Nice to meet you. I am Floor Campfens, born January 18th, 1985. After school I knew that I wanted to study something that involved both technology and biomedical science, so I chose to study Biomedical Engineering at the University of Twente. During my Bachelor Assignment I became enthusiastic about scientific research on human motor control. As a master student I specialised in biomechanical engineering and for my final master assignment I studied sensory reweighting of left and right proprioception in human balance control. I obtained the MSc title cum laude in June 2009. Currently I work as a PhD student at the laboratory of Clinical Neurophysiology and the laboratory of Biomechanics (University of Twente). I work on the modelling and identification of cortico-spinal circuits.
Modeling and identification of the cortico-(sub)spinal circuits
The aim of this project is to develop models and (nonlinear) identification techniques to determine the temporal and dynamical properties of the cortico-(sub)spinal circuits involved in motor control.
During various tasks spatially separated neural networks are believed to use synchronized oscillations to form large scale functional networks. In research on motor control cortico-muscular coherence and phase are used to study functional cortico-spinal circuits involved in normal and pathological motor control (e.g. tremor and clonus). Recently different other techniques, like phase estimation and (Granger) causality, have been employed to study the directionality and dynamics of these circuits.

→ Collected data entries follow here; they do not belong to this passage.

text \<open>Corona product G \<odot> H: vertex (u) is Inl u, vertex (u,v) is Inr (u,v).\<close>
definition corona_V :: "'a set \<Rightarrow> 'b set \<Rightarrow> ('a + 'a \<times> 'b) set" where
  "corona_V VG VH = Inl ` VG \<union> Inr ` (VG \<times> VH)"

fun corona_E :: "'a set \<Rightarrow> ('a \<Rightarrow> 'a \<Rightarrow> bool) \<Rightarrow> 'b set \<Rightarrow> ('b \<Rightarrow> 'b \<Rightarrow> bool)
    \<Rightarrow> ('a + 'a \<times> 'b) \<Rightarrow> ('a + 'a \<times> 'b) \<Rightarrow> bool" where
  "corona_E VG EG VH EH (Inl a) (Inl b) = EG a b"
| "corona_E VG EG VH EH (Inr (a, x)) (Inr (b, y)) = (a = b \<and> a \<in> VG \<and> EH x y)"
| "corona_E VG EG VH EH (Inl a) (Inr (b, y)) = (a = b \<and> a \<in> VG \<and> y \<in> VH)"
| "corona_E VG EG VH EH (Inr (b, y)) (Inl a) = (a = b \<and> a \<in> VG \<and> y \<in> VH)"

text \<open>Join F + K_1: the new vertex is None.\<close>
definition join_K1_V :: "'b set \<Rightarrow> 'b option set" where
  "join_K1_V V = insert None (Some ` V)"

fun join_K1_E :: "'b set \<Rightarrow> ('b \<Rightarrow> 'b \<Rightarrow> bool) \<Rightarrow> 'b option \<Rightarrow> 'b option \<Rightarrow> bool" where
  "join_K1_E V E (Some x) (Some y) = E x y"
| "join_K1_E V E None (Some y) = (y \<in> V)"
| "join_K1_E V E (Some x) None = (x \<in> V)"
| "join_K1_E V E None None = False"

definition components :: "'b set \<Rightarrow> ('b \<Rightarrow> 'b \<Rightarrow> bool) \<Rightarrow> 'b set set" where
  "components V E = {{y \<in> V. E\<^sup>*\<^sup>* x y} | x. x \<in> V}"

definition induced_E :: "'b set \<Rightarrow> ('b \<Rightarrow> 'b \<Rightarrow> bool) \<Rightarrow> 'b \<Rightarrow> 'b \<Rightarrow> bool" where
  "induced_E C E x y \<longleftrightarrow> E x y \<and> x \<in> C \<and> y \<in> C"

end

theory Submission imports Defs begin

text \<open>The copy \<open>H\<^sub>t(u)\<close> hangs from the single vertex \<open>(u)\<close>, adjacent to all of it: inside the copy
  distances are 0, 1 or 2 exactly as in \<open>H\<^sub>t + K\<^sub>1\<close>, and from a copy vertex every vertex outside
  the copy is reached through \<open>(u)\<close>, hence at the same distance from all copy vertices. So two
  copy vertices are separated by \<open>c\<close> only through the colour classes met inside the copy.
  Relabelling the colours met by \<open>H\<^sub>t(u)\<close> as \<open>1, \<dots>, r\<close> and giving the apex of \<open>H\<^sub>t + K\<^sub>1\<close> the
  new colour \<open>r + 1\<close> therefore yields a locating colouring of \<open>H\<^sub>t + K\<^sub>1\<close>.\<close>

lemma gdist_le: "(R ^^ n) a b \<Longrightarrow> gdist R a b \<le> n"
  unfolding gdist_def by (rule Least_le)

lemma relpowp_gdist: "R\<^sup>*\<^sup>* a b \<Longrightarrow> (R ^^ gdist R a b) a b"
  unfolding gdist_def by (metis LeastI rtranclp_imp_relpowp)

lemma gdist_self: "gdist R a a = 0"
  using gdist_le[where R = R and n = 0] by simp

lemma gdist_adjacent:
  assumes "a \<noteq> b" and "R a b"
  shows "gdist R a b = 1"
proof -
  have "gdist R a b \<le> 1" using gdist_le[of 1 R a b] assms(2) by (simp only: relpowp_1)
  moreover have "(R ^^ gdist R a b) a b" using assms(2) by (intro relpowp_gdist) blast
  ultimately show ?thesis using assms(1) by (cases "gdist R a b") auto
qed

lemma gdist_via_common_neighbour:
  assumes "R x z" and "R z w"
  shows "gdist R x w = (if x = w then 0 else if R x w then 1 else 2)"
proof -
  have "(R ^^ 2) x w" using assms by (auto simp: numeral_2_eq_2 relcompp_apply)
  then have walk: "(R ^^ gdist R x w) x w" and le2: "gdist R x w \<le> 2"
    by (auto intro: relpowp_gdist relpowp_imp_rtranclp gdist_le)
  have "gdist R x w \<noteq> 0" if "x \<noteq> w" using walk that by (metis relpowp_0_E)
  moreover have "gdist R x w \<noteq> 1" if "\<not> R x w" using walk that by auto
  ultimately show ?thesis using le2 gdist_self gdist_adjacent by auto
qed

lemma relpowp_leaves_through_gate:
  assumes gate: "\<And>a b. a \<in> X \<Longrightarrow> R a b \<Longrightarrow> b \<in> X \<or> b = p"
  shows "(R ^^ n) a w \<Longrightarrow> a \<in> X \<Longrightarrow> w \<notin> X \<Longrightarrow> \<exists>k<n. (R ^^ k) p w"
proof (induction n arbitrary: a)
  case 0
  then show ?case by auto
next
  case (Suc n)
  then obtain b where "R a b" and walk: "(R ^^ n) b w" by (blast dest: relpowp_Suc_D2)
  from gate[OF \<open>a \<in> X\<close> \<open>R a b\<close>] show ?case
  proof
    assume "b \<in> X"
    then obtain k where "k < n" and "(R ^^ k) p w" using Suc.IH walk \<open>w \<notin> X\<close> by blast
    then show ?case using less_SucI by blast
  next
    assume "b = p"
    then show ?case using walk by blast
  qed
qed

lemma gdist_through_gate:
  assumes gate: "\<And>a b. a \<in> X \<Longrightarrow> R a b \<Longrightarrow> b \<in> X \<or> b = p"
    and "a \<in> X" and "w \<notin> X" and "R a p" and "R\<^sup>*\<^sup>* p w"
  shows "gdist R a w = Suc (gdist R p w)"
proof (rule antisym)
  show "gdist R a w \<le> Suc (gdist R p w)"
    by (rule gdist_le, rule relpowp_Suc_I2[OF assms(4) relpowp_gdist[OF assms(5)]])
  have walk: "(R ^^ gdist R a w) a w"
    using assms(4,5) by (intro relpowp_gdist) (rule converse_rtranclp_into_rtranclp)
  have "\<exists>k<gdist R a w. (R ^^ k) p w"
    by (rule relpowp_leaves_through_gate[where X = X]) (use gate walk assms(2,3) in auto)
  then obtain k where "k < gdist R a w" and "(R ^^ k) p w" by blast
  moreover from \<open>(R ^^ k) p w\<close> have "gdist R p w \<le> k" by (rule gdist_le)
  ultimately show "Suc (gdist R p w) \<le> gdist R a w" by simp
qed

The use of these techniques is complicated because the cortico-spinal circuits have nonlinear dynamics and form a closed loop system.
For the identification of closed loop systems, various dedicated techniques exist to quantify the dynamics of a system by using external perturbations to ‘open’ a closed loop system. These techniques have been used successfully to identify control mechanisms in balance control and quantify reflex gains in various motor tasks. For the identification of the cortico-spinal circuits, dedicated nonlinear system identification techniques are required. Within this project we aim to develop these system identification techniques, which we will use to study cortico-spinal coupling in healthy people and patients suffering from various neurological movement disorders like stroke or Parkinson’s disease.